WORK REQUEST
Take each line in the entries below that holds "Clash" and show it.

ENTRIES PROVIDED

(* Let $W$ be a positive word such that $W\doteq\Delta V$ for some positive word $V$. Then every node of the diagram $D(W)$ is incident with an edge labelled $\sigma_i$ for each $i=1,\dots,n-1$; that is, for every node $P$ of $D(W)$ and every $i$, either $P\sigma_i$ is a node of $D(W)$, or $P\doteq P'\sigma_i$ for some node $P'$ of $D(W)$.
   Context: Fix $n\ge 2$. $SB_n^+$ is the monoid with generators $\sigma_1,\dots,\sigma_{n-1},x_1,\dots,x_{n-1}$ and relations: $\sigma_i\sigma_j=\sigma_j\sigma_i$ and $x_ix_j=x_jx_i$ if $|i-j|>1$; $x_i\sigma_j=\sigma_jx_i$ if $|i-j|\ne 1$; $\sigma_i\sigma_{i+1}\sigma_i=\sigma_{i+1}\sigma_i\sigma_{i+1}$; $\sigma_i\sigma_{i+1}x_i=x_{i+1}\sigma_i\sigma_{i+1}$; $\sigma_{i+1}\sigma_ix_{i+1}=x_i\sigma_{i+1}\sigma_i$. Positive words are words in $\sigma_i,x_i$; $A\doteq B$ means equality in $SB_n^+$. $\Delta\equiv\sigma_1\cdots\sigma_{n-1}\,\sigma_1\cdots\sigma_{n-2}\cdots\sigma_1\sigma_2\,\sigma_1$. The (Cayley) diagram $D(W)$ of a positive word $W$ (Garside's diagram): its nodes are the elements $P$ of $SB_n^+$ that are left divisors of $W$ (i.e. $W\doteq PQ$ for some positive $Q$), including the empty word; for a generator $g\in\{\sigma_i,x_i\}$ there is a directed edge labelled $g$ from node $P$ to node $P'$ whenever $P'\doteq Pg$. *)

theory Defs
  imports Main
begin

text \<open>Generators of the singular braid monoid SB_n^+: Sig i is sigma_i, X i is x_i.\<close>
datatype gen = Sig nat | X nat

definition valid_gen :: "nat \<Rightarrow> gen \<Rightarrow> bool" where
  "valid_gen n g = (case g of Sig i \<Rightarrow> 1 \<le> i \<and> i \<le> n - 1 | X i \<Rightarrow> 1 \<le> i \<and> i \<le> n - 1)"

definition valid_word :: "nat \<Rightarrow> gen list \<Rightarrow> bool" where
  "valid_word n w = (\<forall>g\<in>set w. valid_gen n g)"

inductive defrel :: "nat \<Rightarrow> gen list \<Rightarrow> gen list \<Rightarrow> bool" for n where
  ss_comm: "\<lbrakk>1 \<le> i; i \<le> n - 1; 1 \<le> j; j \<le> n - 1; i > j + 1 \<or> j > i + 1\<rbrakk>
     \<Longrightarrow> defrel n [Sig i, Sig j] [Sig j, Sig i]"
| xx_comm: "\<lbrakk>1 \<le> i; i \<le> n - 1; 1 \<le> j; j \<le> n - 1; i > j + 1 \<or> j > i + 1\<rbrakk>
     \<Longrightarrow> defrel n [X i, X j] [X j, X i]"
| xs_comm: "\<lbrakk>1 \<le> i; i \<le> n - 1; 1 \<le> j; j \<le> n - 1; i \<noteq> j + 1; j \<noteq> i + 1\<rbrakk>
     \<Longrightarrow> defrel n [X i, Sig j] [Sig j, X i]"
| braid: "\<lbrakk>1 \<le> i; i + 1 \<le> n - 1\<rbrakk>
     \<Longrightarrow> defrel n [Sig i, Sig (i+1), Sig i] [Sig (i+1), Sig i, Sig (i+1)]"
| mixed1: "\<lbrakk>1 \<le> i; i + 1 \<le> n - 1\<rbrakk>
     \<Longrightarrow> defrel n [Sig i, Sig (i+1), X i] [X (i+1), Sig i, Sig (i+1)]"
| mixed2: "\<lbrakk>1 \<le> i; i + 1 \<le> n - 1\<rbrakk>
     \<Longrightarrow> defrel n [Sig (i+1), Sig i, X (i+1)] [X i, Sig (i+1), Sig i]"

definition elem_step :: "nat \<Rightarrow> gen list \<Rightarrow> gen list \<Rightarrow> bool" where
  "elem_step n u v = (\<exists>a b l r. (defrel n l r \<or> defrel n r l) \<and> u = a @ l @ b \<and> v = a @ r @ b)"

definition eqw :: "nat \<Rightarrow> gen list \<Rightarrow> gen list \<Rightarrow> bool" where
  "eqw n = (elem_step n)\<^sup>*\<^sup>*"

definition Delta :: "nat \<Rightarrow> gen list" where
  "Delta n = concat (map (\<lambda>k. map Sig [1..<Suc k]) (rev [1..<n]))"

text \<open>P is a node of D(W): P is a left divisor of W in SB_n^+.\<close>
definition node :: "nat \<Rightarrow> gen list \<Rightarrow> gen list \<Rightarrow> bool" where
  "node n W P = (valid_word n P \<and> (\<exists>Q. valid_word n Q \<and> eqw n W (P @ Q)))"

end

theory Submission
  imports Defs
begin

text \<open>The defining relations of SB_n^+ form a complemented presentation: two distinct generators
  a, b occur at the head of at most one relation a f(a,b) = b f(b,a). Dehornoy's cube condition
  holds for every triple of generators, as word reversing checks symbolically.
  An induction on word length then shows that SB_n^+ is left cancellative and that a f(a,b) is a
  least common right multiple of a and b, so the nodes of D(W) are closed under such lcms.

  Since W = Delta V, every sigma_i is a node. For P = P_0 g the induction hypothesis gives either
  that P_0 sigma_i is a node, and then so is the lcm P_0 g f(g, sigma_i), where f(g, sigma_i)
  starts with sigma_i; or P_0 = P' sigma_i. In the latter case sigma_i commutes with g unless
  g is sigma_j or x_j with |i - j| = 1, and then the induction hypothesis for P' and sigma_j
  together with sigma_j sigma_i sigma_j = sigma_i sigma_j sigma_i and
  sigma_j sigma_i x_j = x_i sigma_j sigma_i moves a final sigma_i into place.\<close>

lemma elem_step_sym: "elem_step n u v \<Longrightarrow> elem_step n v u"
  unfolding elem_step_def by blast

lemma eqw_refl [simp]: "eqw n u u"
  unfolding eqw_def by simp

lemma eqw_trans [trans]: "eqw n u v \<Longrightarrow> eqw n v w \<Longrightarrow> eqw n u w"
  unfolding eqw_def by (rule rtranclp_trans)

lemma eqw_sym: "eqw n u v \<Longrightarrow> eqw n v u"
  unfolding eqw_def
  by (induction rule: rtranclp_induct) (auto intro: elem_step_sym converse_rtranclp_into_rtranclp)

lemma defrel_eqw: "defrel n l r \<Longrightarrow> eqw n (A @ l @ B) (A @ r @ B)"
  unfolding eqw_def elem_step_def by blast

lemma elem_step_append: "elem_step n u v \<Longrightarrow> elem_step n (A @ u @ B) (A @ v @ B)"
  unfolding elem_step_def by (metis append.assoc)

lemma eqw_append: "eqw n u v \<Longrightarrow> eqw n (A @ u @ B) (A @ v @ B)"
  unfolding eqw_def
  by (induction rule: rtranclp_induct) (auto intro: elem_step_append rtranclp.rtrancl_into_rtrancl)

lemma eqw_append_left: "eqw n u v \<Longrightarrow> eqw n (A @ u) (A @ v)"
  using eqw_append[of n u v A "[]"] by simp

lemma eqw_append_right: "eqw n u v \<Longrightarrow> eqw n (u @ B) (v @ B)"
  using eqw_append[of n u v "[]" B] by simp

lemma eqw_Cons: "eqw n u v \<Longrightarrow> eqw n (a # u) (a # v)"
  using eqw_append_left[of n u v "[a]"] by simp

lemma elem_step_length: "elem_step n u v \<Longrightarrow> length u = length v"
proof -
  have "defrel n l r \<Longrightarrow> length l = length r" for l r
    by (induction rule: defrel.induct) auto
  then show "elem_step n u v \<Longrightarrow> length u = length v"
    unfolding elem_step_def by fastforce
qed

lemma eqw_length: "eqw n u v \<Longrightarrow> length u = length v"
  unfolding eqw_def by (induction rule: rtranclp_induct) (auto dest: elem_step_length)

lemma elem_step_valid_word: "elem_step n u v \<Longrightarrow> valid_word n u = valid_word n v"
proof -
  have "defrel n l r \<Longrightarrow> valid_word n l \<and> valid_word n r" for l r
    by (induction rule: defrel.induct) (auto simp: valid_word_def valid_gen_def)
  then show "elem_step n u v \<Longrightarrow> valid_word n u = valid_word n v"
    unfolding elem_step_def by (fastforce simp: valid_word_def)
qed

lemma eqw_valid_word: "eqw n u v \<Longrightarrow> valid_word n u = valid_word n v"
  unfolding eqw_def by (induction rule: rtranclp_induct) (auto dest: elem_step_valid_word)

section \<open>The complemented presentation\<close>

definition adjacent :: "nat \<Rightarrow> nat \<Rightarrow> bool" where
  "adjacent i j = (i = Suc j \<or> j = Suc i)"

lemma adjacent_irrefl [simp]: "\<not> adjacent i i"
  unfolding adjacent_def by auto

lemma adjacent_commute: "adjacent j i = adjacent i j"
  unfolding adjacent_def by auto

text \<open>The complement f(a,b) of the presentation: for distinct valid generators a and b there is
  exactly one defining relation of the form a f(a,b) = b f(b,a), except for the pairs x_i, x_(i+1),
  which have none (None).\<close>

definition complement :: "nat \<Rightarrow> gen \<Rightarrow> gen \<Rightarrow> gen list option" where
  "complement n a b =
    (if a = b then Some []
     else if \<not> valid_gen n a \<or> \<not> valid_gen n b then None
     else (case a of
       Sig i \<Rightarrow> (case b of
          Sig j \<Rightarrow> if adjacent i j then Some [Sig j, Sig i] else Some [Sig j]
        | X j \<Rightarrow> if adjacent i j then Some [Sig j, X i] else Some [X j])
     | X i \<Rightarrow> (case b of
          Sig j \<Rightarrow> if adjacent i j then Some [Sig j, Sig i] else Some [Sig j]
        | X j \<Rightarrow> if adjacent i j then None else Some [X j])))"

lemma complement_self [simp]: "complement n a a = Some []"
  unfolding complement_def by simp

lemma complement_valid_gen:
  "complement n a b = Some u \<Longrightarrow> a \<noteq> b \<Longrightarrow> valid_gen n a \<and> valid_gen n b"
  unfolding complement_def by (auto split: if_splits)

lemma complement_Sig_hd:
  "complement n g (Sig i) = Some d \<Longrightarrow> g \<noteq> Sig i \<Longrightarrow> \<exists>d'. d = Sig i # d'"
  by (cases g) (auto simp: complement_def split: if_splits)

lemma defrel_complement:
  "defrel n l r \<Longrightarrow> \<exists>a b u v. l = a # u \<and> r = b # v \<and> a \<noteq> b \<and>
     complement n a b = Some u \<and> complement n b a = Some v"
  by (induction rule: defrel.induct) (auto simp: complement_def valid_gen_def adjacent_def)

lemma complement_defrel:
  assumes "complement n a b = Some u" "complement n b a = Some v" "a \<noteq> b"
  shows "defrel n (a # u) (b # v) \<or> defrel n (b # v) (a # u)"
proof -
  have far: "Suc j < i \<or> Suc i < j" if "i \<noteq> j" "j \<noteq> Suc i" "i \<noteq> Suc j" for i j :: nat
    using that by arith
  show ?thesis
  proof (cases a; cases b)
    fix i j assume "a = Sig i" "b = Sig j"
    with assms show ?thesis
      apply (auto simp: complement_def valid_gen_def adjacent_def split: if_splits)
      using defrel.braid[of i n] defrel.braid[of j n] defrel.ss_comm[of i n j] far[of i j] by auto
  next
    fix i j assume "a = Sig i" "b = X j"
    with assms show ?thesis
      apply (auto simp: complement_def valid_gen_def adjacent_def split: if_splits)
      using defrel.mixed1[of i n] defrel.mixed2[of j n] defrel.xs_comm[of j n i] by auto
  next
    fix i j assume "a = X i" "b = Sig j"
    with assms show ?thesis
      apply (auto simp: complement_def valid_gen_def adjacent_def split: if_splits)
      using defrel.mixed1[of j n] defrel.mixed2[of i n] defrel.xs_comm[of i n j] by auto
  next
    fix i j assume "a = X i" "b = X j"
    with assms show ?thesis
      apply (auto simp: complement_def valid_gen_def adjacent_def split: if_splits)
      using defrel.xx_comm[of i n j] far[of i j] by auto
  qed
qed

lemma eqw_complement:
  assumes "complement n a b = Some u" "complement n b a = Some v"
  shows "eqw n (a # u) (b # v)"
proof (cases "a = b")
  case True
  with assms show ?thesis by simp
next
  case False
  from complement_defrel[OF assms False] show ?thesis
    using defrel_eqw[of n _ _ "[]" "[]"] eqw_sym by auto
qed

datatype reversal = Clash | Out_of_fuel | Reversed "gen list" "gen list"

text \<open>Right reversing of the signed word U^-1 V: every pattern u^-1 v is replaced by
  f(u,v) f(v,u)^-1, and the result A B^-1 is returned as Reversed A B.\<close>

fun right_reverse :: "nat \<Rightarrow> nat \<Rightarrow> gen list \<Rightarrow> gen list \<Rightarrow> reversal" where
  "right_reverse n 0 U V = Out_of_fuel"
| "right_reverse n (Suc f) [] V = Reversed V []"
| "right_reverse n (Suc f) (u # U) [] = Reversed [] (u # U)"
| "right_reverse n (Suc f) (u # U) (v # V) =
    (case complement n u v of None \<Rightarrow> Clash | Some c \<Rightarrow>
     (case complement n v u of None \<Rightarrow> Clash | Some d \<Rightarrow>
      (case right_reverse n f U c of
         Reversed A1 B1 \<Rightarrow>
           (case right_reverse n f V (d @ B1) of
              Reversed A2 B2 \<Rightarrow> Reversed (A1 @ B2) A2
            | r \<Rightarrow> r)
       | r \<Rightarrow> r)))"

SOLUTION FOR THIS TASK
datatype reversal = Clash | Out_of_fuel | Reversed "gen list" "gen list"
    (case complement n u v of None \<Rightarrow> Clash | Some c \<Rightarrow>
     (case complement n v u of None \<Rightarrow> Clash | Some d \<Rightarrow>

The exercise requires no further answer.